Simundza gotów zrezygnować ze sporej kasy
Ante Simundza objął stery Śląska Wrocław w grudniu zeszłego roku, z misją włączenia się do walki o utrzymanie w Ekstraklasie. Zadanie to było ekstremalnie trudne, bo Jacek Magiera zostawił zespół w bardzo skomplikowanej sytuacji. Słoweńskiemu szkoleniowcowi faktycznie udało się odmienić grę zespołu, który w marcu rozpoczął nawet serię pięciu meczów bez porażki (trzy wygrane i dwa remisy). Choć ostatecznie “Wojskowi” nie utrzymali się w elicie, to Simundza dał argumenty, by pozwolić mu kontynuować budowanie swojego projektu.
Sam trener ma pozytywnie patrzeć na perspektywę pozostania we Wrocławiu i podjęcia się misji jak najszybszego awansu do Ekstraklasy. “Weszło” informuje, że 53-latek jest gotów zgodzić się na sporą obniżkę wynagrodzenia na mocy nowego kontraktu z wrocławianami. Skąd zatem bierze się ta zwłoka w osiągnięciu porozumienia, skoro zarówno zarząd klubu jak i szkoleniowiec chcą kontynuowania współpracy? Simundza chce otrzymać zapewnienia, że projekt rzeczywiście będzie zmierzał w dobrą stronę.
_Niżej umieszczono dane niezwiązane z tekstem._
definition curvP :: "real \<Rightarrow> (real^3) \<times> real \<Rightarrow> (real^3) \<times> real \<Rightarrow> (real^3) \<times> real
    \<Rightarrow> (real^3) \<times> real \<Rightarrow> (real^3) \<times> real" where
  "curvP c p X Y Z = (curvN c (fst p) (fst X) (fst Y) (fst Z), 0)"

definition cylinder :: "(real \<Rightarrow> real^3) \<Rightarrow> real \<times> real \<Rightarrow> (real^3) \<times> real" where
  "cylinder \<gamma> = (\<lambda>(s, t). (\<gamma> s, t))"

definition smooth_curve_on :: "real set \<Rightarrow> (real \<Rightarrow> real^3) \<Rightarrow> bool" where
  "smooth_curve_on I \<gamma> \<longleftrightarrow>
     (\<forall>n. \<forall>s\<in>I. (((\<lambda>f s. vector_derivative f (at s)) ^^ n) \<gamma>) differentiable (at s))"

end

theory Submission
  imports Defs
begin

text \<open>Parametrise the cylinder by \<open>\<phi>(s,t) = (\<gamma>(s), t)\<close>. Since \<open>\<gamma>\<close> has unit speed, these are
orthonormal coordinates, so the Christoffel symbols vanish and tension, bitension and normal
projection become plain coordinate sums. Every field that occurs is lifted from the curve: it
depends on \<open>s\<close> only and has zero \<open>\<real>\<close>-component, so the \<open>t\<close>-direction contributes nothing
and \<open>\<tau>(\<phi>) = (\<tau>(\<gamma>), 0)\<close>, \<open>\<tau>\<^sub>2(\<phi>) = (\<tau>\<^sub>2(\<gamma>), 0)\<close>, \<open>(X, 0)\<^sup>\<perp> = (X\<^sup>\<perp>, 0)\<close>. Hence the
biminimality equation of the cylinder at \<open>(s,t)\<close> is that of \<open>\<gamma>\<close> at \<open>s\<close>.\<close>

lemma pd_transform_within_open:
  assumes "open S" "x \<in> S" "\<And>y. y \<in> S \<Longrightarrow> f y = g y"
  shows "pd f v x = pd g v x"
proof -
  have "(f has_derivative D) (at x) \<longleftrightarrow> (g has_derivative D) (at x)" for D
    using has_derivative_transform_within_open[OF _ assms(1,2), where f = f and g = g]
      has_derivative_transform_within_open[OF _ assms(1,2), where f = g and g = f] assms(3)
    by auto
  then show ?thesis unfolding pd_def frechet_derivative_def by simp
qed

lemma pd_const_on_open:
  assumes "open S" "x \<in> S" "\<And>y. y \<in> S \<Longrightarrow> f y = k"
  shows "pd f v x = 0"
  using pd_transform_within_open[OF assms] by (simp add: pd_def)

lemma pd_eq_vector_derivative_within_open:
  fixes f g :: "real \<Rightarrow> 'a::real_normed_vector"
  assumes "open S" "s \<in> S" "\<And>y. y \<in> S \<Longrightarrow> f y = g y" "(g has_vector_derivative g') (at s)"
  shows "f differentiable (at s)" "pd f 1 s = g'"
proof -
  have "(f has_vector_derivative g') (at s)"
    using has_vector_derivative_transform_within_open[OF assms(4,1,2)] assms(3) by simp
  then have "(f has_derivative (\<lambda>h. h *\<^sub>R g')) (at s)"
    by (simp add: has_vector_derivative_def)
  then show "f differentiable (at s)" "pd f 1 s = g'"
    by (auto simp: pd_def frechet_derivative_at[symmetric] differentiable_def)
qed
Chce poznać jak będzie wyglądała kadra drużyny, jakie cele zostaną mu nakreślone i z kim będzie współpracował, bo ciągle dochodzi przecież do przetasowań w zarządzie Śląska – podkreśla Szymon Janczyk. Trener zgodzi się podpisać przedłużenie kontraktu, gdy pozna więcej szczegółów na temat funkcjonowania klubu w nowej rzeczywistości. Piłeczka zatem po stronie Śląska, który musi przedstawić Simundze projekt, który będzie miał ręce i nogi. Jeśli “Wojskowym” nie uda się osiągnąć porozumienia z ich aktualnym szkoleniowcem, to alternatywą zdaniem mediów jest Daniel Myśliwiec.